▶ Dataset:

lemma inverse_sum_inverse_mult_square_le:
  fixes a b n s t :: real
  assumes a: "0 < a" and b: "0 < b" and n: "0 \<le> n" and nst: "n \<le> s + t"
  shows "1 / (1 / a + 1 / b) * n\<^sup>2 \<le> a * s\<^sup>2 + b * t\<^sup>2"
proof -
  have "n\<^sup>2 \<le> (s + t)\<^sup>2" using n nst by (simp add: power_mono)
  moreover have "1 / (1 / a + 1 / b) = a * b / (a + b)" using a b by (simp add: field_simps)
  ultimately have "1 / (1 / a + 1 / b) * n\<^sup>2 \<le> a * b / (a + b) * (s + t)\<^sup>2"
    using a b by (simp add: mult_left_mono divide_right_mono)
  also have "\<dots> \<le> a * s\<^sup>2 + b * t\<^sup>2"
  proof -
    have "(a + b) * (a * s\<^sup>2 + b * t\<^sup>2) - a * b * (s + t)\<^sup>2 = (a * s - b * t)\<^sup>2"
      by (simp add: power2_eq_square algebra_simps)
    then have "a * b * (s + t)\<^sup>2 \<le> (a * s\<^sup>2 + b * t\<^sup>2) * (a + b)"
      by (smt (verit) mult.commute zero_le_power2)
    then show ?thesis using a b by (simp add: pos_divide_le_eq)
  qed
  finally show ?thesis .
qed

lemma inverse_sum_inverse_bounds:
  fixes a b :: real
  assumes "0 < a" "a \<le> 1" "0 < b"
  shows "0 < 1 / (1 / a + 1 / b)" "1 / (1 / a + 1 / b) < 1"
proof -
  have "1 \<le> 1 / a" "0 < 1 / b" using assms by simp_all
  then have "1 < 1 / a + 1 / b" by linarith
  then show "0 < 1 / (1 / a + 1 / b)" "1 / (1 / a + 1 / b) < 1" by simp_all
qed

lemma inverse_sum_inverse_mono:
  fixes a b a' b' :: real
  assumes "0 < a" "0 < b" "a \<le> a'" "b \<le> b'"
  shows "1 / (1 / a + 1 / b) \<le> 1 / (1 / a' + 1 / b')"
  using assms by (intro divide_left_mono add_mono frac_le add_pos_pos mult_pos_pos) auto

▶ Try it: Retype the records above so that nothing differs from the original.

▶ Answer box:
lemma inverse_sum_inverse_mult_square_le:
  fixes a b n s t :: real
  assumes a: "0 < a" and b: "0 < b" and n: "0 \<le> n" and nst: "n \<le> s + t"
  shows "1 / (1 / a + 1 / b) * n\<^sup>2 \<le> a * s\<^sup>2 + b * t\<^sup>2"
proof -
  have "n\<^sup>2 \<le> (s + t)\<^sup>2" using n nst by (simp add: power_mono)
  moreover have "1 / (1 / a + 1 / b) = a * b / (a + b)" using a b by (simp add: field_simps)
  ultimately have "1 / (1 / a + 1 / b) * n\<^sup>2 \<le> a * b / (a + b) * (s + t)\<^sup>2"
    using a b by (simp add: mult_left_mono divide_right_mono)
  also have "\<dots> \<le> a * s\<^sup>2 + b * t\<^sup>2"
  proof -
    have "(a + b) * (a * s\<^sup>2 + b * t\<^sup>2) - a * b * (s + t)\<^sup>2 = (a * s - b * t)\<^sup>2"
      by (simp add: power2_eq_square algebra_simps)
    then have "a * b * (s + t)\<^sup>2 \<le> (a * s\<^sup>2 + b * t\<^sup>2) * (a + b)"
      by (smt (verit) mult.commute zero_le_power2)
    then show ?thesis using a b by (simp add: pos_divide_le_eq)
  qed
  finally show ?thesis .
qed

lemma inverse_sum_inverse_bounds:
  fixes a b :: real
  assumes "0 < a" "a \<le> 1" "0 < b"
  shows "0 < 1 / (1 / a + 1 / b)" "1 / (1 / a + 1 / b) < 1"
proof -
  have "1 \<le> 1 / a" "0 < 1 / b" using assms by simp_all
  then have "1 < 1 / a + 1 / b" by linarith
  then show "0 < 1 / (1 / a + 1 / b)" "1 / (1 / a + 1 / b) < 1" by simp_all
qed

lemma inverse_sum_inverse_mono:
  fixes a b a' b' :: real
  assumes "0 < a" "0 < b" "a \<le> a'" "b \<le> b'"
  shows "1 / (1 / a + 1 / b) \<le> 1 / (1 / a' + 1 / b')"
  using assms by (intro divide_left_mono add_mono frac_le add_pos_pos mult_pos_pos) auto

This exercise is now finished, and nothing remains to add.